§ **WHAT TO DO**: Return each line below holding the string "integer".

--- INFORMATION Enclosed Below ---

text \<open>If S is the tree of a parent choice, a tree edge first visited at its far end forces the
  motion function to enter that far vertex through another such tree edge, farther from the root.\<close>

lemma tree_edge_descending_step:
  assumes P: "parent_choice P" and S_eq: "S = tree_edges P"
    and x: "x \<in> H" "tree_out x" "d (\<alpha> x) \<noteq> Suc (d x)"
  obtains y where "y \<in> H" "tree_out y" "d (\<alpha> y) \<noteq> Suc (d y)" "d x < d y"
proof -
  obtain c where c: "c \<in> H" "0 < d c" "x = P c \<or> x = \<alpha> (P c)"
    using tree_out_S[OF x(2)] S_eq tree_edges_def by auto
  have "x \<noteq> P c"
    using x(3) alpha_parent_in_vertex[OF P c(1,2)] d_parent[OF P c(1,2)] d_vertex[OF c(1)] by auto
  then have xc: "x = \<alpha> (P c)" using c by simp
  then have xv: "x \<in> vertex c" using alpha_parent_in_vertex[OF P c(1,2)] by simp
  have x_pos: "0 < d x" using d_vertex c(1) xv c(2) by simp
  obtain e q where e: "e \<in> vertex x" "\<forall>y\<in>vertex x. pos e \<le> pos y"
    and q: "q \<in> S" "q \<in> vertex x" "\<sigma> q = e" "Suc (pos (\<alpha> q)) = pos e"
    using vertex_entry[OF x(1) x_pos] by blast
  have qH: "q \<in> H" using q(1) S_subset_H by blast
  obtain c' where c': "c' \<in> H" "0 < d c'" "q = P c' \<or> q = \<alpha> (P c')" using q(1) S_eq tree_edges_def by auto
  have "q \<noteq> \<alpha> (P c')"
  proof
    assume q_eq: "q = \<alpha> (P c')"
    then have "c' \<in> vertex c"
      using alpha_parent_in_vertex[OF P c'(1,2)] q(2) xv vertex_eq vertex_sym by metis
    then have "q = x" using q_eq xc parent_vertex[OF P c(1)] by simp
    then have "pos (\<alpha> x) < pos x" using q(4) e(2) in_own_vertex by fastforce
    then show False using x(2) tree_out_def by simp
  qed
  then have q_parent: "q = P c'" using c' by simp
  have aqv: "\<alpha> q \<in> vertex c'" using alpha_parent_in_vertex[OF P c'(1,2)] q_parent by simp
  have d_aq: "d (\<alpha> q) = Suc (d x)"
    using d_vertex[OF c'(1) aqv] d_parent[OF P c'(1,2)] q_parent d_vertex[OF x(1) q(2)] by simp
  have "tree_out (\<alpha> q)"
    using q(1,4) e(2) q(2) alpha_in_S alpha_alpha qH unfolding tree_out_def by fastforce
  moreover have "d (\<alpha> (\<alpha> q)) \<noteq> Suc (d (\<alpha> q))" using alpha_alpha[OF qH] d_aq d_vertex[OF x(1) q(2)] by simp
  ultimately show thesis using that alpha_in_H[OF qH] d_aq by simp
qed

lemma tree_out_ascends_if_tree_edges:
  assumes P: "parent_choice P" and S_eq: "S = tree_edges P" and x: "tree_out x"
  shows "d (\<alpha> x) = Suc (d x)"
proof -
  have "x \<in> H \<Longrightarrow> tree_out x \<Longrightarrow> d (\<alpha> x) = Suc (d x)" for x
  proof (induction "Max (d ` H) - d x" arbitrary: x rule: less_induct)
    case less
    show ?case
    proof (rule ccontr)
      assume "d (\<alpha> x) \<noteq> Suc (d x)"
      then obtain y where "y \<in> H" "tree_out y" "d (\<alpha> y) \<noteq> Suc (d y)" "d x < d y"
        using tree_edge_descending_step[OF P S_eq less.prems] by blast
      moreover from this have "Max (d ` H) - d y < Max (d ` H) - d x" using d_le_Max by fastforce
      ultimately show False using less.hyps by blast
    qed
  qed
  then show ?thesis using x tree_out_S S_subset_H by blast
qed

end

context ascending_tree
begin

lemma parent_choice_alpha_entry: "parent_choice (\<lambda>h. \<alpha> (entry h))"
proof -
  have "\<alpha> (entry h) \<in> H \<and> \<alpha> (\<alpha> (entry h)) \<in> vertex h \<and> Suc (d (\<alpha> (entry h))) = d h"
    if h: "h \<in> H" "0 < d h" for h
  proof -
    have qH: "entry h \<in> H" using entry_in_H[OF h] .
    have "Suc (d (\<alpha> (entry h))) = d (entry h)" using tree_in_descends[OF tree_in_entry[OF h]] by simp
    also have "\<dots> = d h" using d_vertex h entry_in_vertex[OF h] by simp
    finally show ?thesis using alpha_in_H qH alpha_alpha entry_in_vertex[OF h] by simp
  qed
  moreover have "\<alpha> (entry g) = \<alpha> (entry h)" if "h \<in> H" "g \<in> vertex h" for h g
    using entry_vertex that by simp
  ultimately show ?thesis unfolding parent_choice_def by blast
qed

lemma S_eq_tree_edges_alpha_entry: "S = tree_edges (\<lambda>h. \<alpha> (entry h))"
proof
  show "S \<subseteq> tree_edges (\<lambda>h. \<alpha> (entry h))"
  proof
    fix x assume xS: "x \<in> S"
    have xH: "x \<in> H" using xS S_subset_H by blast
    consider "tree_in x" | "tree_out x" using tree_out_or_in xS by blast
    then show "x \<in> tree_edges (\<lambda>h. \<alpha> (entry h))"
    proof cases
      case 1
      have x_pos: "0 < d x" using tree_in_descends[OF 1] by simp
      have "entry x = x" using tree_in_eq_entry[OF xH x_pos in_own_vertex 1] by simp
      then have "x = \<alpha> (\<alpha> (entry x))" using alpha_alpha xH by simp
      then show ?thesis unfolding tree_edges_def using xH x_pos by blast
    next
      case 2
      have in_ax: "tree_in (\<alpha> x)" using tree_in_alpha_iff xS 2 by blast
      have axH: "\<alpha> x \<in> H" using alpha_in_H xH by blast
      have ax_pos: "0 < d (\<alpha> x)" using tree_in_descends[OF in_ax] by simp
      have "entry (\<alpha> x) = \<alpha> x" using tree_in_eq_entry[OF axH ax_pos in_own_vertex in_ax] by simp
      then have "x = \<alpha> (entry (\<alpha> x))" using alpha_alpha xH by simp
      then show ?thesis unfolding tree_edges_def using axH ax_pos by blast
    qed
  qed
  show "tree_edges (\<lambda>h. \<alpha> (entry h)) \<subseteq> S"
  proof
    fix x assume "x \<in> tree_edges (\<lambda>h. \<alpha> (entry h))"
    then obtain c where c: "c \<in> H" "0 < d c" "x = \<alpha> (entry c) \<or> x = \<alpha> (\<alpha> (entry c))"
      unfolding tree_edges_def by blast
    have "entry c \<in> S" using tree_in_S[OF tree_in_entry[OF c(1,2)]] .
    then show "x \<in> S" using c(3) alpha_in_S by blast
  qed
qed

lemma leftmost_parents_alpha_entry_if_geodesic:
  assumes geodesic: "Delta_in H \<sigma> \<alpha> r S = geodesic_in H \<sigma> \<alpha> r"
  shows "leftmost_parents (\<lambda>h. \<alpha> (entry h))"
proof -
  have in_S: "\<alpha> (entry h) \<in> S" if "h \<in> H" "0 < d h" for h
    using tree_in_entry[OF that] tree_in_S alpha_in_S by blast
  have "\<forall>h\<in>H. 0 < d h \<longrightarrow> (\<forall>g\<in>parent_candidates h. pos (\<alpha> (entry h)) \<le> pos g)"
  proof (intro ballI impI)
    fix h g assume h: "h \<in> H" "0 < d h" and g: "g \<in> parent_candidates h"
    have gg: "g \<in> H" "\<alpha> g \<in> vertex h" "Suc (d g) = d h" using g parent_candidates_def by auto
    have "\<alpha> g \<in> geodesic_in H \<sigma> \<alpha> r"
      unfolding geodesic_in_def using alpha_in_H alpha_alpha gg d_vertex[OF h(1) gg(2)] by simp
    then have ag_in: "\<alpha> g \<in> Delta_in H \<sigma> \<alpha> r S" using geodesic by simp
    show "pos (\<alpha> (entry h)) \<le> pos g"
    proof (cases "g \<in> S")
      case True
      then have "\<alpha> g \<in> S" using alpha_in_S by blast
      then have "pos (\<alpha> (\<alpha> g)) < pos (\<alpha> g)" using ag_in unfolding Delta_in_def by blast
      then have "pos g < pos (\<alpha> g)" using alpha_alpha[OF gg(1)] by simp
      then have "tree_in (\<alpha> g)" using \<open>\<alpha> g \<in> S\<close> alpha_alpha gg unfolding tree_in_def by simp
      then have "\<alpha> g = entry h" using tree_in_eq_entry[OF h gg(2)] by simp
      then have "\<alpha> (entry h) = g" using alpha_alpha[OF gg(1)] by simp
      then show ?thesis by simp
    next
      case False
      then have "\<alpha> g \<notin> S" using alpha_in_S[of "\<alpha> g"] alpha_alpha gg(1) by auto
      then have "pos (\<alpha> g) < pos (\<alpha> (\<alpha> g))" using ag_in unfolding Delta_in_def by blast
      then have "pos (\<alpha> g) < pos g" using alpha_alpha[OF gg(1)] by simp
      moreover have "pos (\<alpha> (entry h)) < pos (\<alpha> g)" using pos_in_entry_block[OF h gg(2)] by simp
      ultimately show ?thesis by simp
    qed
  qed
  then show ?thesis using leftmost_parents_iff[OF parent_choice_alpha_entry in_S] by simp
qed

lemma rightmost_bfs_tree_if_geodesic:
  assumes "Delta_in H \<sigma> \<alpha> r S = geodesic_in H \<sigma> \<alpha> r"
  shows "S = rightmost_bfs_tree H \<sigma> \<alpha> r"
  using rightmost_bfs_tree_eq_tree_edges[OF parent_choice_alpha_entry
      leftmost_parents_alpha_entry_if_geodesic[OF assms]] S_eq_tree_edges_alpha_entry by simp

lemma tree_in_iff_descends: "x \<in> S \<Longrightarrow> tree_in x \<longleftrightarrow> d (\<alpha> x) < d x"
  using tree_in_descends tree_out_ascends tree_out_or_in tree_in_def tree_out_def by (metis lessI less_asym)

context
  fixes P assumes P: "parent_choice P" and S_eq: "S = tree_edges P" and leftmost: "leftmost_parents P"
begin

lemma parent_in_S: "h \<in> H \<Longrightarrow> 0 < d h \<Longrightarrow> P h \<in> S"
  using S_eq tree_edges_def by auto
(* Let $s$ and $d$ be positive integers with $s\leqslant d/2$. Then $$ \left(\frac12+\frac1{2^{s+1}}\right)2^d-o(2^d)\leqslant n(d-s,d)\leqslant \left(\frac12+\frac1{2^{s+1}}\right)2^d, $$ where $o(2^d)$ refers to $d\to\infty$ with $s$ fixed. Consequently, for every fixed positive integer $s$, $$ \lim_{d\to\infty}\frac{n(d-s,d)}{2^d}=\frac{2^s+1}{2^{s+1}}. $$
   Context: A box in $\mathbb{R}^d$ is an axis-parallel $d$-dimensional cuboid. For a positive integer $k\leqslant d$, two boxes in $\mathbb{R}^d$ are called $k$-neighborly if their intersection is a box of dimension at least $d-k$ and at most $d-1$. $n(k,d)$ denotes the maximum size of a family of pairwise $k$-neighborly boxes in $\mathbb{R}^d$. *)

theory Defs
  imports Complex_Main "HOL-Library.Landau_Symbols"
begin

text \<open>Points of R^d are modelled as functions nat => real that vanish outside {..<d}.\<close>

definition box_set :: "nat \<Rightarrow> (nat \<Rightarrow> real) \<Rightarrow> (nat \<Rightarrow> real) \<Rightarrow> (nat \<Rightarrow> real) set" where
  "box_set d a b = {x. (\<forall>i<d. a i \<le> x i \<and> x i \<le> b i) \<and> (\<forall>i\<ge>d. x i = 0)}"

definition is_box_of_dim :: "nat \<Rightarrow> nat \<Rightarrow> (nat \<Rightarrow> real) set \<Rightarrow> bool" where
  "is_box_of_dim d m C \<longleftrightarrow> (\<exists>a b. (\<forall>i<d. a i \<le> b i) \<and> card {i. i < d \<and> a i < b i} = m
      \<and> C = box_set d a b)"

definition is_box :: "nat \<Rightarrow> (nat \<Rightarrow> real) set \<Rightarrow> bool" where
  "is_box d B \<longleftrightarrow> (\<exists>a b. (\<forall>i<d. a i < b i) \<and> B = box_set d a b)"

--- End of Enclosed INFORMATION ---

§ **RESULT OF THIS TASK**:
(* Let $s$ and $d$ be positive integers with $s\leqslant d/2$. Then $$ \left(\frac12+\frac1{2^{s+1}}\right)2^d-o(2^d)\leqslant n(d-s,d)\leqslant \left(\frac12+\frac1{2^{s+1}}\right)2^d, $$ where $o(2^d)$ refers to $d\to\infty$ with $s$ fixed. Consequently, for every fixed positive integer $s$, $$ \lim_{d\to\infty}\frac{n(d-s,d)}{2^d}=\frac{2^s+1}{2^{s+1}}. $$
   Context: A box in $\mathbb{R}^d$ is an axis-parallel $d$-dimensional cuboid. For a positive integer $k\leqslant d$, two boxes in $\mathbb{R}^d$ are called $k$-neighborly if their intersection is a box of dimension at least $d-k$ and at most $d-1$. $n(k,d)$ denotes the maximum size of a family of pairwise $k$-neighborly boxes in $\mathbb{R}^d$. *)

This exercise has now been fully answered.